The math does not work from any angle you look at it.

1. CITGO is valued at $13B,

2.- The potential judgements thus far are worth $23B, and counting,

3.- The cash available and debt capacity would allow CITGO to pay $6-8B without putting the goose with the golden eggs at risk in a default situation in a crude / refining downturn.

4.- The creditors left holding the bag would likely get $0.20-0.30 on a dollar in a debt restructuring whenever Venezuela is forced to pay its $100B debt to get help from international financing institutions (World Bank, IMF, etc.).

5.- With CITGO earning $2-4B per year, depending on the crude oil price and refining margins, it could pay out the remaining judgement creditors over time.

Of course, everybody wants to be paid "yesterday", but in the auction scenario, only a few of the creditors in front of the line would be. The rest would be left by the wayside, with maybe a potential opportunity to get pennies on a dollar in a debt restructuring process.

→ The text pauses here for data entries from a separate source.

lemma exists_root_eval_separating:
  fixes F :: "(real ^ 'n) set"
  assumes fin: "finite F" and \<mu>: "\<mu> \<notin> span F"
  shows "\<exists>h :: complex ^ 'n. (\<forall>l\<in>F. root_eval l h = 0) \<and> root_eval \<mu> h \<noteq> 0"
proof -
  have \<mu>F: "\<mu> \<notin> F" using \<mu> span_base by blast
  have "\<exists>h :: complex ^ 'n. \<forall>l\<in>insert \<mu> F. root_eval l h = (if l = \<mu> then 1 else 0)"
  proof (rule exists_root_eval_eq)
    fix c assume c: "(\<Sum>l\<in>insert \<mu> F. c l *\<^sub>R l) = 0"
    have "c \<mu> = 0"
    proof (rule ccontr)
      assume "c \<mu> \<noteq> 0"
      have "c \<mu> *\<^sub>R \<mu> = - (\<Sum>l\<in>F. c l *\<^sub>R l)"
        using c fin \<mu>F by (simp add: eq_neg_iff_add_eq_0)
      then have "(1 / c \<mu>) *\<^sub>R (c \<mu> *\<^sub>R \<mu>) = (1 / c \<mu>) *\<^sub>R - (\<Sum>l\<in>F. c l *\<^sub>R l)"
        by (rule arg_cong)
      then have "\<mu> = (1 / c \<mu>) *\<^sub>R - (\<Sum>l\<in>F. c l *\<^sub>R l)"
        using \<open>c \<mu> \<noteq> 0\<close> by simp
      also have "\<dots> \<in> span F"
        by (intro span_scale span_neg span_sum span_base)
      finally have "\<mu> \<in> span F" .
      then show False using \<mu> by blast
    qed
    then show "(\<Sum>l\<in>insert \<mu> F. complex_of_real (c l) * (if l = \<mu> then 1 else 0)) = 0"
      using fin \<mu>F by (simp add: if_distrib cong: if_cong)
  qed (use fin in simp)
  then show ?thesis using \<mu>F by (metis insertCI zero_neq_one)
qed

lemma exists_root_eval_avoiding:
  assumes "finite T"
    and "\<forall>\<mu>\<in>T. \<exists>h. (\<forall>l\<in>F. root_eval l h = 0) \<and> root_eval \<mu> h \<noteq> 0"
  shows "\<exists>h. (\<forall>l\<in>F. root_eval l h = 0) \<and> (\<forall>\<mu>\<in>T. root_eval \<mu> h \<noteq> 0)"
  using assms
proof (induction T rule: finite_induct)
  case empty
  show ?case by (rule exI[of _ 0]) (simp add: root_eval_def)
next
  case (insert \<nu> T)
  then obtain h where h: "\<forall>l\<in>F. root_eval l h = 0" "\<forall>\<mu>\<in>T. root_eval \<mu> h \<noteq> 0" by auto
  obtain k where k: "\<forall>l\<in>F. root_eval l k = 0" "root_eval \<nu> k \<noteq> 0" using insert.prems by auto
  have "finite ((\<lambda>\<mu>. - root_eval \<mu> h / root_eval \<mu> k) ` insert \<nu> T)"
    using insert.hyps by simp
  then obtain s :: complex where s: "s \<notin> (\<lambda>\<mu>. - root_eval \<mu> h / root_eval \<mu> k) ` insert \<nu> T"
    using ex_new_if_finite[OF infinite_UNIV_char_0] by blast
  \<comment> \<open>Only finitely many s make h + s k vanish on a root of the enlarged set.\<close>
  have "root_eval \<mu> h + s * root_eval \<mu> k \<noteq> 0" if \<mu>: "\<mu> \<in> insert \<nu> T" for \<mu>
  proof (cases "root_eval \<mu> k = 0")
    case True
    then show ?thesis using \<mu> h k by auto
  next
    case False
    have "s \<noteq> - root_eval \<mu> h / root_eval \<mu> k" using s \<mu> by blast
    with False show ?thesis by (auto simp: field_simps add_eq_0_iff)
  qed
  then show ?case
    using h k by (intro exI[of _ "\<chi> i. h $ i + s * k $ i"]) (simp add: root_eval_add_scaled)
qed

definition homog_monomial :: "'a set \<Rightarrow> ('a \<Rightarrow> complex) \<Rightarrow> 'a \<Rightarrow> ('a \<times> bool \<Rightarrow> nat)" where
  "homog_monomial P c \<gamma> = (\<lambda>(\<mu>, b). if b then (if \<mu> = \<gamma> then 1 else 0)
      else (if \<mu> \<in> {\<gamma>\<in>P. c \<gamma> \<noteq> 0} - {\<gamma>} then 1 else 0))"

definition homog_poly :: "'a set \<Rightarrow> ('a \<Rightarrow> complex) \<Rightarrow> ('a \<times> bool \<Rightarrow> nat) \<Rightarrow> complex" where
  "homog_poly P c m = (\<Sum>\<gamma>\<in>{\<gamma>\<in>P. c \<gamma> \<noteq> 0}. if m = homog_monomial P c \<gamma> then c \<gamma> else 0)"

The striking fact here is that the CITGO ship is fast approaching a point of no return and there is still no settlement. At this point only KRY, and possibly Conoco Philips partly, have a secured payout in the share auction scenario because they have a perfected lien on the CITGO shares (step 7 in the attachment process). All the other creditors have yet to reach that status. The remaining conditional creditors are riding KRY's coattails but would not be able to do so once KRY (and possibly Conoco Philips for a portion of its claims against Venezuela) is paid off, as required by Delaware law. Note that Delaware law must be applied by the District Court because the legal action is a judgement collection against CITGO, a Delaware Corporation.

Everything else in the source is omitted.